* WHAT YOU NEED TO DO: Below are some records. Print exactly the lines between the one holding "and the threshold B made explicit. *)" and the one holding "K' t) \<and>", inclusive, and nothing else.

* Stored data:
________________

(* Let $\rho>0$, $\theta\ge0$, let $\mathfrak{L}\in C^2[A,\infty)$ with $\lim_{u\to\infty}\mathfrak L(u)=\infty$ and $\mathfrak L'\in NRV_{-1}$, let $\boldsymbol L_f$ be a normalised slowly varying function, and let $\mathfrak K\in NRV_\theta(0+)$ (nondecreasing near $0$ if $\theta=0$). Then there is $\beta>0$ such that $\Phi:(0,\beta)\to\mathbb{R}$ is well defined by \[\int_{\Phi(t)}^\infty \frac{[\mathfrak{L}'(y)]^{1/2}}{y^{\frac{\rho+1}{2}}[\boldsymbol{L}_f(y)]^{1/2}}\,dy=\int_0^t\mathfrak{K}(s)\,ds,\qquad t\in(0,\beta),\] and $\Phi\in C^2(0,\beta)$, $\lim_{t\to0^+}\Phi(t)=\infty$, $\Phi\in NRV_{-2(\theta+1)/\rho}(0+)$. Moreover, for every integer $m\ge1$, \[\lim_{t\to0^+}\frac{\log_m\Phi(t)}{\log_m(1/t)}=\begin{cases}\frac{2(1+\theta)}{\rho},& m=1,\\1,&m\ge2,\end{cases}\] and \[\lim_{t\to0^+}\frac{\Phi(t)\Phi''(t)}{[\Phi'(t)]^2}=1+\frac{\rho}{2(\theta+1)},\qquad \lim_{t\to0^+}\frac{\mathfrak L(\Phi(t))}{\mathfrak L'(\Phi(t))}\cdot\frac{\Phi(t)}{[\Phi'(t)]^2}=0.\]
   Context: $\log_m$ is the $m$-fold iterate of $\log$. A normalised slowly varying function is a positive $C^1$ function $\widehat L$ on some $[B,\infty)$ with $\lim_{u\to\infty}u\widehat L'(u)/\widehat L(u)=0$. $R\in NRV_\rho$ means $R(u)=u^\rho\widehat L(u)$ for a normalised slowly varying $\widehat L$. $\mathfrak K\in NRV_\theta(0+)$ (resp. $\Phi\in NRV_\gamma(0+)$) means $u\mapsto\mathfrak K(1/u)\in NRV_{-\theta}$ (resp. $u\mapsto\Phi(1/u)\in NRV_{-\gamma}$). *)

theory Defs
  imports "HOL-Analysis.Analysis"
begin

definition logm :: "nat \<Rightarrow> real \<Rightarrow> real" where
  "logm m = (ln ^^ m)"

definition nsv :: "(real \<Rightarrow> real) \<Rightarrow> real \<Rightarrow> bool" where
  "nsv L B \<longleftrightarrow>
     (\<forall>u\<ge>B. L u > 0) \<and>
     (\<exists>L'. (\<forall>u\<ge>B. (L has_real_derivative L' u) (at u within {B..})) \<and>
           continuous_on {B..} L' \<and>
           ((\<lambda>u. u * L' u / L u) \<longlongrightarrow> 0) at_top)"

definition NRV :: "real \<Rightarrow> (real \<Rightarrow> real) \<Rightarrow> bool" where
  "NRV \<rho> R \<longleftrightarrow> (\<exists>Lh B. B > 0 \<and> nsv Lh B \<and> (\<forall>u\<ge>B. R u = u powr \<rho> * Lh u))"

definition NRV0 :: "real \<Rightarrow> (real \<Rightarrow> real) \<Rightarrow> bool" where
  "NRV0 \<gamma> K \<longleftrightarrow> NRV (-\<gamma>) (\<lambda>u. K (1 / u))"

end

theory Submission
  imports Defs
begin

(* Put g(y) = sqrt (L1 y) / (y^((\<rho>+1)/2) sqrt (Lf y)), F(x) = \<integral>\<^sub>x\<^sup>\<infinity> g and G(t) = \<integral>\<^sub>0\<^sup>t K,
   so that \<Phi> = F\<^sup>-\<^sup>1 \<circ> G.  The integrand g is normalised regularly varying with index -1-\<rho>/2
   and K has index \<theta> at 0+, so by Karamata's theorem F(x) ~ x g(x)/(\<rho>/2) and G(t) ~ t K(t)/(\<theta>+1).
   Differentiating F(\<Phi>(t)) = G(t) gives \<Phi>' = -K/g(\<Phi>), hence t \<Phi>'(t)/\<Phi>(t) \<rightarrow> -2(\<theta>+1)/\<rho>.
   A positive C^1 function whose logarithmic derivative converges is normalised regularly varying,
   which gives the regular variation of \<Phi> and the iterated-logarithm limits.  Differentiating
   once more expresses \<Phi> \<Phi>''/\<Phi>'\<^sup>2 through t K'/K and y g'(y)/g(y), and the last limit holds
   because L(y)/(y L1(y)) grows more slowly than every power of y, while \<Phi>(t) grows at most
   like a power of 1/t. *)

section \<open>Regular variation in derivative form\<close>

(* Equivalent to NRV \<rho> f (NRV_imp_smooth_RV, smooth_RV_imp_NRV), but with the derivative f'
   and the threshold B made explicit. *)
definition smooth_RV :: "real \<Rightarrow> (real \<Rightarrow> real) \<Rightarrow> (real \<Rightarrow> real) \<Rightarrow> real \<Rightarrow> bool" where
  "smooth_RV \<rho> f f' B \<longleftrightarrow> B > 0 \<and>
     (\<forall>u\<ge>B. f u > 0 \<and> (f has_real_derivative f' u) (at u) \<and> isCont f' u) \<and>
     ((\<lambda>u. u * f' u / f u) \<longlongrightarrow> \<rho>) at_top"

definition smooth_RV0 :: "real \<Rightarrow> (real \<Rightarrow> real) \<Rightarrow> (real \<Rightarrow> real) \<Rightarrow> real \<Rightarrow> bool" where
  "smooth_RV0 \<theta> K K' t0 \<longleftrightarrow> t0 > 0 \<and>
     (\<forall>t\<in>{0<..t0}. K t > 0 \<and> (K has_real_derivative K' t) (at t) \<and> isCont K' t) \<and>
     ((\<lambda>t. t * K' t / K t) \<longlongrightarrow> \<theta>) (at_right 0)"

lemma smooth_RVD:
  assumes "smooth_RV \<rho> f f' B" "u \<ge> B"
  shows "f u > 0" "(f has_real_derivative f' u) (at u)" "isCont f' u" "u > 0" "isCont f u"
  using assms DERIV_isCont unfolding smooth_RV_def by auto

lemma smooth_RV_index: "smooth_RV \<rho> f f' B \<Longrightarrow> ((\<lambda>u. u * f' u / f u) \<longlongrightarrow> \<rho>) at_top"
  unfolding smooth_RV_def by blast

lemma smooth_RV0D:
  assumes "smooth_RV0 \<theta> K K' t0" "t \<in> {0<..t0}"
  shows "K t > 0" "(K has_real_derivative K' t) (at t)" "isCont K' t" "isCont K t"
  using assms DERIV_isCont[of K "K' t" t] unfolding smooth_RV0_def by auto

lemma smooth_RV0_index: "smooth_RV0 \<theta> K K' t0 \<Longrightarrow> ((\<lambda>t. t * K' t / K t) \<longlongrightarrow> \<theta>) (at_right 0)"
  unfolding smooth_RV0_def by blast

lemma smooth_RV_cong:
  assumes f: "smooth_RV \<rho> f f' B" and eq: "\<forall>u\<ge>C. g u = f u" and "B \<le> C"
  shows "smooth_RV \<rho> g f' (C + 1)"
  unfolding smooth_RV_def
proof (intro conjI allI impI)
  show "C + 1 > 0" using f \<open>B \<le> C\<close> unfolding smooth_RV_def by auto
  fix u assume u: "u \<ge> C + 1"
  show "g u > 0" "isCont f' u" using smooth_RVD[OF f, of u] eq u \<open>B \<le> C\<close> by auto
  show "(g has_real_derivative f' u) (at u)"
  proof (rule has_field_derivative_transform_within_open[where S = "{C<..}"])
    show "(f has_real_derivative f' u) (at u)" using smooth_RVD[OF f, of u] u \<open>B \<le> C\<close> by auto
  qed (use u eq in auto)
next
  have "\<forall>\<^sub>F u in at_top. u * f' u / f u = u * f' u / g u"
    using eventually_ge_at_top[of C] by eventually_elim (use eq in auto)
  then show "((\<lambda>u. u * f' u / g u) \<longlongrightarrow> \<rho>) at_top"
    by (rule Lim_transform_eventually[OF smooth_RV_index[OF f]])
qed

lemma smooth_RV_powr_ident: "smooth_RV c (\<lambda>u. u powr c) (\<lambda>u. c * u powr (c - 1)) 1"
  unfolding smooth_RV_def
proof (intro conjI allI impI)
  fix u :: real assume u: "u \<ge> 1"
  show "u powr c > 0" using u by simp
  show "((\<lambda>u. u powr c) has_real_derivative c * u powr (c - 1)) (at u)"
    using u by (intro has_real_derivative_powr) auto
  show "isCont (\<lambda>u. c * u powr (c - 1)) u" using u by (intro continuous_intros) auto
next
  have "\<forall>\<^sub>F u in at_top. c = u * (c * u powr (c - 1)) / u powr c"
    using eventually_gt_at_top[of 0] by eventually_elim (simp add: powr_diff)
  then show "((\<lambda>u. u * (c * u powr (c - 1)) / u powr c) \<longlongrightarrow> c) at_top"
    by (rule Lim_transform_eventually[OF tendsto_const])
qed simp

lemma smooth_RV_mult:
  assumes f: "smooth_RV a f f' B" and g: "smooth_RV b g g' C"
  shows "smooth_RV (a + b) (\<lambda>u. f u * g u) (\<lambda>u. f' u * g u + f u * g' u) (max B C)"
  unfolding smooth_RV_def
proof (intro conjI allI impI)
  show "max B C > 0" using f unfolding smooth_RV_def by auto
  fix u assume "u \<ge> max B C"
  then have "u \<ge> B" "u \<ge> C" by auto
  note fu = smooth_RVD[OF f \<open>u \<ge> B\<close>] and gu = smooth_RVD[OF g \<open>u \<ge> C\<close>]
  show "f u * g u > 0" using fu gu by simp
  show "((\<lambda>u. f u * g u) has_real_derivative f' u * g u + f u * g' u) (at u)"
    using fu gu by (auto intro!: derivative_eq_intros)
  show "isCont (\<lambda>u. f' u * g u + f u * g' u) u"
    using fu gu by (auto intro!: continuous_intros)
next
  have "\<forall>\<^sub>F u in at_top. u * f' u / f u + u * g' u / g u = u * (f' u * g u + f u * g' u) / (f u * g u)"
    using eventually_ge_at_top[of "max B C"]
  proof eventually_elim
    case (elim u)
    then show ?case using smooth_RVD(1)[OF f, of u] smooth_RVD(1)[OF g, of u]
      by (simp add: field_simps)
  qed
  then show "((\<lambda>u. u * (f' u * g u + f u * g' u) / (f u * g u)) \<longlongrightarrow> a + b) at_top"
    by (rule Lim_transform_eventually[OF tendsto_add[OF smooth_RV_index[OF f] smooth_RV_index[OF g]]])
qed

________________

* ANSWER SECTION:
   and the threshold B made explicit. *)
definition smooth_RV :: "real \<Rightarrow> (real \<Rightarrow> real) \<Rightarrow> (real \<Rightarrow> real) \<Rightarrow> real \<Rightarrow> bool" where
  "smooth_RV \<rho> f f' B \<longleftrightarrow> B > 0 \<and>
     (\<forall>u\<ge>B. f u > 0 \<and> (f has_real_derivative f' u) (at u) \<and> isCont f' u) \<and>
     ((\<lambda>u. u * f' u / f u) \<longlongrightarrow> \<rho>) at_top"

definition smooth_RV0 :: "real \<Rightarrow> (real \<Rightarrow> real) \<Rightarrow> (real \<Rightarrow> real) \<Rightarrow> real \<Rightarrow> bool" where
  "smooth_RV0 \<theta> K K' t0 \<longleftrightarrow> t0 > 0 \<and>
     (\<forall>t\<in>{0<..t0}. K t > 0 \<and> (K has_real_derivative K' t) (at t) \<and> isCont K' t) \<and>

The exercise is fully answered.